At the same time, the organist's wife, Thea Sundler, is unhappily in love with Karl-Arthur. She is the daughter of Malvina Spaak from the previous book, and as it turns out, she is the one who embodies the deadly curse that rests on the Löwensköld family. With flattery and intriguing revelations, she drives Karl-Arthur and Charlotte apart. Karl-Arthur breaks the engagement and swears that he will marry the first woman he meets on the road, which happens to be the valley girl Anna Svärd.

Thea continues her work and spreads rumors about Charlotte, who, out of love for Karl-Arthur, refuses to defend herself but takes all the blame for the break-up. Schagerström, whose love for Charlotte grows, tries several times to help and set things right but only succeeds in making things worse each time.
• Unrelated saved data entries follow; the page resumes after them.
(* Let $L=\prod_i L_i$ be a product of fields with an action of a group $G$ by ring automorphisms, such that $G$ acts transitively on the set $\{e_i\}_i$ of principal idempotents of $L$. Let $M$ be a module over the skew group ring $L\rtimes G$ such that the natural map $M\to\prod_i e_i\cdot M$, $m\mapsto(e_i\cdot m)_i$, is an isomorphism and $\dim_{L_i}e_i\cdot M<\infty$ for some $i$. Then $M$ is free of finite rank over $L$.
   Context: The principal idempotents of $L=\prod_iL_i$ are the elements $e_i$ with $1$ in the $i$-th coordinate and $0$ elsewhere; any ring automorphism of $L$ permutes them. *)

theory Defs
  imports "HOL-Algebra.Algebra"
begin

definition prod_ring :: "'i set \<Rightarrow> ('i \<Rightarrow> 'a ring) \<Rightarrow> ('i \<Rightarrow> 'a) ring" where
  "prod_ring I R =
    \<lparr> carrier = (\<Pi>\<^sub>E i\<in>I. carrier (R i)),
      monoid.mult = (\<lambda>x y. \<lambda>i\<in>I. x i \<otimes>\<^bsub>R i\<^esub> y i),
      monoid.one = (\<lambda>i\<in>I. \<one>\<^bsub>R i\<^esub>),
      ring.zero = (\<lambda>i\<in>I. \<zero>\<^bsub>R i\<^esub>),
      ring.add = (\<lambda>x y. \<lambda>i\<in>I. x i \<oplus>\<^bsub>R i\<^esub> y i) \<rparr>"

definition prin_idem :: "'i set \<Rightarrow> ('i \<Rightarrow> 'a ring) \<Rightarrow> 'i \<Rightarrow> ('i \<Rightarrow> 'a)" where
  "prin_idem I R i = (\<lambda>j\<in>I. if j = i then \<one>\<^bsub>R j\<^esub> else \<zero>\<^bsub>R j\<^esub>)"

text \<open>Embedding of the factor R i into L (coordinate i, zero elsewhere);
  through it e_i M becomes an R i - vector space.\<close>
definition coord_incl :: "'i set \<Rightarrow> ('i \<Rightarrow> 'a ring) \<Rightarrow> 'i \<Rightarrow> 'a \<Rightarrow> ('i \<Rightarrow> 'a)" where
  "coord_incl I R i a = (\<lambda>j\<in>I. if j = i then a else \<zero>\<^bsub>R j\<^esub>)"

definition finite_basis ::
    "('k, 'c) ring_scheme \<Rightarrow> ('k \<Rightarrow> 'm \<Rightarrow> 'm) \<Rightarrow> ('m, 'd) ring_scheme \<Rightarrow> 'm set \<Rightarrow> 'm set \<Rightarrow> bool" where
  "finite_basis K s M V B \<longleftrightarrow> finite B \<and> B \<subseteq> V \<and>
     (\<forall>v\<in>V. \<exists>!c. c \<in> (B \<rightarrow>\<^sub>E carrier K) \<and> v = (\<Oplus>\<^bsub>M\<^esub>b\<in>B. s (c b) b))"

definition free_finite_rank :: "('k, 'c) ring_scheme \<Rightarrow> ('k, 'm, 'd) module_scheme \<Rightarrow> bool" where
  "free_finite_rank L M \<longleftrightarrow> (\<exists>B. finite_basis L (smult M) M (carrier M) B)"

end

theory Submission
  imports Defs
begin

text \<open>
  If \<open>g \<in> G\<close> moves the idempotent \<open>e\<^sub>i\<close> to \<open>e\<^sub>j\<close>, then \<open>\<phi> g\<close> restricts to a ring
  isomorphism \<open>L\<^sub>i \<cong> L\<^sub>j\<close>, and \<open>\<psi> g\<close> is a bijection \<open>e\<^sub>i M \<rightarrow> e\<^sub>j M\<close> that is semilinear along it;
  hence it carries an \<open>L\<^sub>i\<close>-basis \<open>(b\<^sub>k)\<close> of \<open>e\<^sub>i M\<close> to an \<open>L\<^sub>j\<close>-basis \<open>(\<psi> g b\<^sub>k)\<close> of \<open>e\<^sub>j M\<close>.
  By transitivity every component receives such a basis, indexed by the same finite set.
  Through \<open>M \<cong> \<Prod>\<^sub>j e\<^sub>j M\<close>, the elements whose components are \<open>(\<psi> g\<^sub>j b\<^sub>k)\<^sub>j\<close> then form an
  \<open>L\<close>-basis of \<open>M\<close>: a coefficient in \<open>L = \<Prod>\<^sub>j L\<^sub>j\<close> is just a choice of coefficients in every
  component.
\<close>

definition basis_family ::
    "('k, 'c) ring_scheme \<Rightarrow> ('k \<Rightarrow> 'm \<Rightarrow> 'm) \<Rightarrow> ('m, 'd) ring_scheme \<Rightarrow> 'm set \<Rightarrow> 'b set
      \<Rightarrow> ('b \<Rightarrow> 'm) \<Rightarrow> bool" where
  "basis_family K s M V B w \<longleftrightarrow> w \<in> B \<rightarrow> V \<and>
     (\<forall>v\<in>V. \<exists>!c. c \<in> B \<rightarrow>\<^sub>E carrier K \<and> v = (\<Oplus>\<^bsub>M\<^esub>b\<in>B. s (c b) (w b)))"

lemma basis_familyD:
  assumes "basis_family K s M V B w"
  shows basis_family_closed: "w \<in> B \<rightarrow> V"
    and basis_family_unique_coeffs:
      "v \<in> V \<Longrightarrow> \<exists>!c. c \<in> B \<rightarrow>\<^sub>E carrier K \<and> v = (\<Oplus>\<^bsub>M\<^esub>b\<in>B. s (c b) (w b))"
  using assms unfolding basis_family_def by blast+

lemma basis_family_of_finite_basis:
  "finite_basis K s M V B \<Longrightarrow> basis_family K s M V B (\<lambda>b. b)"
  by (auto simp: finite_basis_def basis_family_def)

lemma finite_basis_image:
  assumes M: "abelian_monoid M" and fin: "finite B" and inj: "inj_on w B"
    and V: "V \<subseteq> carrier M"
    and s_closed: "\<And>a x. a \<in> carrier K \<Longrightarrow> x \<in> V \<Longrightarrow> s a x \<in> carrier M"
    and basis: "basis_family K s M V B w"
  shows "finite_basis K s M V (w ` B)"
proof -
  interpret abelian_monoid M by (rule M)
  have w: "w \<in> B \<rightarrow> V" by (rule basis_family_closed[OF basis])
  have pullback_closed: "restrict (\<lambda>b. c (w b)) B \<in> B \<rightarrow>\<^sub>E carrier K"
    if "c \<in> w ` B \<rightarrow>\<^sub>E carrier K" for c
    using that by auto
  have pullback_sum:
    "(\<Oplus>\<^bsub>M\<^esub>x\<in>w ` B. s (c x) x) = (\<Oplus>\<^bsub>M\<^esub>b\<in>B. s (restrict (\<lambda>b. c (w b)) B b) (w b))"
    if c: "c \<in> w ` B \<rightarrow>\<^sub>E carrier K" for c
  proof -
    have "(\<Oplus>\<^bsub>M\<^esub>x\<in>w ` B. s (c x) x) = (\<Oplus>\<^bsub>M\<^esub>b\<in>B. s (c (w b)) (w b))"
      using c w by (intro finsum_reindex[OF _ inj]) (auto intro!: s_closed)
    also have "\<dots> = (\<Oplus>\<^bsub>M\<^esub>b\<in>B. s (restrict (\<lambda>b. c (w b)) B b) (w b))"
      using c w by (intro finsum_cong') (auto intro!: s_closed)
    finally show ?thesis .
  qed
  have "\<exists>!c. c \<in> w ` B \<rightarrow>\<^sub>E carrier K \<and> v = (\<Oplus>\<^bsub>M\<^esub>x\<in>w ` B. s (c x) x)" if v: "v \<in> V" for v
  proof (rule ex_ex1I)
    obtain c where c: "c \<in> B \<rightarrow>\<^sub>E carrier K" and v_eq: "v = (\<Oplus>\<^bsub>M\<^esub>b\<in>B. s (c b) (w b))"
      using basis_family_unique_coeffs[OF basis v] by blast
    define c' where "c' = (\<lambda>x\<in>w ` B. c (the_inv_into B w x))"
    have c': "c' \<in> w ` B \<rightarrow>\<^sub>E carrier K"
      using c by (auto simp: c'_def the_inv_into_f_f[OF inj])
    have "restrict (\<lambda>b. c' (w b)) B = c"
      using c by (auto simp: c'_def the_inv_into_f_f[OF inj] PiE_iff extensional_def)
    then show "\<exists>c. c \<in> w ` B \<rightarrow>\<^sub>E carrier K \<and> v = (\<Oplus>\<^bsub>M\<^esub>x\<in>w ` B. s (c x) x)"
      using c' pullback_sum[OF c'] v_eq by metis
  next
    fix c1 c2
    assume c1: "c1 \<in> w ` B \<rightarrow>\<^sub>E carrier K \<and> v = (\<Oplus>\<^bsub>M\<^esub>x\<in>w ` B. s (c1 x) x)"
      and c2: "c2 \<in> w ` B \<rightarrow>\<^sub>E carrier K \<and> v = (\<Oplus>\<^bsub>M\<^esub>x\<in>w ` B. s (c2 x) x)"
    have eq: "restrict (\<lambda>b. c1 (w b)) B = restrict (\<lambda>b. c2 (w b)) B"
      using basis_family_unique_coeffs[OF basis v] c1 c2 pullback_closed pullback_sum by metis
    have "c1 (w b) = c2 (w b)" if "b \<in> B" for b
      using fun_cong[OF eq, of b] that by simp
    then show "c1 = c2"
      using c1 c2 by (intro PiE_ext[of _ "w ` B"]) auto
  qed
  then show ?thesis
    using fin w V unfolding finite_basis_def by blast
qed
The climax is reached when Karl-Arthur breaks with his family when they try to chase Anna Svärd away. Karl-Arthur abandons the family even though his mother falls and is badly injured when she tries to stop him. Charlotte, who loves the colonel like a mother, desperately searches for a way to reconcile the two again, at any cost. The price she has to pay is an agreement with Thea Sundler. Thea is able to persuade Karl-Arthur to travel back to Karlstad and reconcile, but to do so she demands that Charlotte disappear from Karl-Arthur's life - she must marry Schagerström.

Schagerström, who witnessed a large part of the events, and who also sees the colonel as a mother figure, largely understands what is going on, even if he does not have all the details. The wedding is no fun business for him, but he softens when he sees how happy the people at the mill are to have a housewife, and how well Charlotte takes it all. Charlotte also interrupts his attempt to leave on the wedding night and objects to his plan to file for divorce as soon as possible. She doesn't love him, but she knows she can.

The sequel Anna Svärd picks up directly where this book ends, with Karl-Arthur going to Karlstad.